▽
theorem lemma2p2:
  "\<exists>c1 c2 :: real. \<forall>n0 :: nat. n0 \<ge> 2 \<longrightarrow> (\<forall>n :: nat. n \<ge> 1 \<longrightarrow> (\<forall>lam :: real. lam > 0 \<longrightarrow>
     measure_pmf.prob (iid_sum_pmf (bgw_X (binomial_pmf n0 (1 / real n0)) n) n)
        {k. real k \<ge> lam * real n} \<le> c1 * exp (- lam / 6) \<and>
     measure_pmf.prob (iid_sum_pmf (bgw_Y (binomial_pmf n0 (1 / real n0)) n) n)
        {k. real k \<ge> lam * (real n)^2} \<le> c2 * exp (- lam / 5)))"
proof -
  obtain C where "0 \<le> C" and C: "\<And>xi n. \<forall>t\<ge>0. pgf xi (ennreal t) \<le> ennreal (exp (t - 1)) \<Longrightarrow> 1 \<le> n \<Longrightarrow>
      pgf (iid_sum_pmf (bgw_Y xi n) n) (ennreal (exp (1 / (5 * (real n)\<^sup>2)))) \<le> ennreal C"
    using pgf_iid_sum_bgw_Y_bounded by blast
  show ?thesis
  proof (rule exI[of _ "exp (1/2)"], rule exI[of _ C], intro allI impI conjI)
    fix n0 n :: nat and lam :: real
    assume "n0 \<ge> 2" "n \<ge> 1" "lam > 0"
    let ?xi = "binomial_pmf n0 (1 / real n0)"
    have pgf_le: "pgf ?xi (ennreal t) \<le> ennreal (exp (t - 1))" if "0 \<le> t" for t
      using pgf_binomial_pmf_le_exp[of "1 / real n0" t n0] that \<open>n0 \<ge> 2\<close> by simp
    have "measure_pmf.prob (iid_sum_pmf (bgw_X ?xi n) n) {k. real k \<ge> lam * real n}
        \<le> exp (1/2) * exp (- (1 / (6 * real n)) * (lam * real n))"
      using pgf_le \<open>n \<ge> 1\<close> by (intro chernoff_bound_pgf pgf_iid_sum_bgw_X_le) auto
    then show "measure_pmf.prob (iid_sum_pmf (bgw_X ?xi n) n) {k. real k \<ge> lam * real n}
        \<le> exp (1/2) * exp (- lam / 6)"
      using \<open>n \<ge> 1\<close> by simp
    have "measure_pmf.prob (iid_sum_pmf (bgw_Y ?xi n) n) {k. real k \<ge> lam * (real n)\<^sup>2}
        \<le> C * exp (- (1 / (5 * (real n)\<^sup>2)) * (lam * (real n)\<^sup>2))"
      using pgf_le \<open>n \<ge> 1\<close> \<open>0 \<le> C\<close> by (intro chernoff_bound_pgf C) auto
    then show "measure_pmf.prob (iid_sum_pmf (bgw_Y ?xi n) n) {k. real k \<ge> lam * (real n)\<^sup>2}
        \<le> C * exp (- lam / 5)"
      using \<open>n \<ge> 1\<close> by simp
  qed
qed

end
△
YOUR ASSIGNMENT >> Every entry must appear in the answer, reproduced exactly.

FINAL ANSWER >>
theorem lemma2p2:
  "\<exists>c1 c2 :: real. \<forall>n0 :: nat. n0 \<ge> 2 \<longrightarrow> (\<forall>n :: nat. n \<ge> 1 \<longrightarrow> (\<forall>lam :: real. lam > 0 \<longrightarrow>
     measure_pmf.prob (iid_sum_pmf (bgw_X (binomial_pmf n0 (1 / real n0)) n) n)
        {k. real k \<ge> lam * real n} \<le> c1 * exp (- lam / 6) \<and>
     measure_pmf.prob (iid_sum_pmf (bgw_Y (binomial_pmf n0 (1 / real n0)) n) n)
        {k. real k \<ge> lam * (real n)^2} \<le> c2 * exp (- lam / 5)))"
proof -
  obtain C where "0 \<le> C" and C: "\<And>xi n. \<forall>t\<ge>0. pgf xi (ennreal t) \<le> ennreal (exp (t - 1)) \<Longrightarrow> 1 \<le> n \<Longrightarrow>
      pgf (iid_sum_pmf (bgw_Y xi n) n) (ennreal (exp (1 / (5 * (real n)\<^sup>2)))) \<le> ennreal C"
    using pgf_iid_sum_bgw_Y_bounded by blast
  show ?thesis
  proof (rule exI[of _ "exp (1/2)"], rule exI[of _ C], intro allI impI conjI)
    fix n0 n :: nat and lam :: real
    assume "n0 \<ge> 2" "n \<ge> 1" "lam > 0"
    let ?xi = "binomial_pmf n0 (1 / real n0)"
    have pgf_le: "pgf ?xi (ennreal t) \<le> ennreal (exp (t - 1))" if "0 \<le> t" for t
      using pgf_binomial_pmf_le_exp[of "1 / real n0" t n0] that \<open>n0 \<ge> 2\<close> by simp
    have "measure_pmf.prob (iid_sum_pmf (bgw_X ?xi n) n) {k. real k \<ge> lam * real n}
        \<le> exp (1/2) * exp (- (1 / (6 * real n)) * (lam * real n))"
      using pgf_le \<open>n \<ge> 1\<close> by (intro chernoff_bound_pgf pgf_iid_sum_bgw_X_le) auto
    then show "measure_pmf.prob (iid_sum_pmf (bgw_X ?xi n) n) {k. real k \<ge> lam * real n}
        \<le> exp (1/2) * exp (- lam / 6)"
      using \<open>n \<ge> 1\<close> by simp
    have "measure_pmf.prob (iid_sum_pmf (bgw_Y ?xi n) n) {k. real k \<ge> lam * (real n)\<^sup>2}
        \<le> C * exp (- (1 / (5 * (real n)\<^sup>2)) * (lam * (real n)\<^sup>2))"
      using pgf_le \<open>n \<ge> 1\<close> \<open>0 \<le> C\<close> by (intro chernoff_bound_pgf C) auto
    then show "measure_pmf.prob (iid_sum_pmf (bgw_Y ?xi n) n) {k. real k \<ge> lam * (real n)\<^sup>2}
        \<le> C * exp (- lam / 5)"
      using \<open>n \<ge> 1\<close> by simp
  qed
qed

end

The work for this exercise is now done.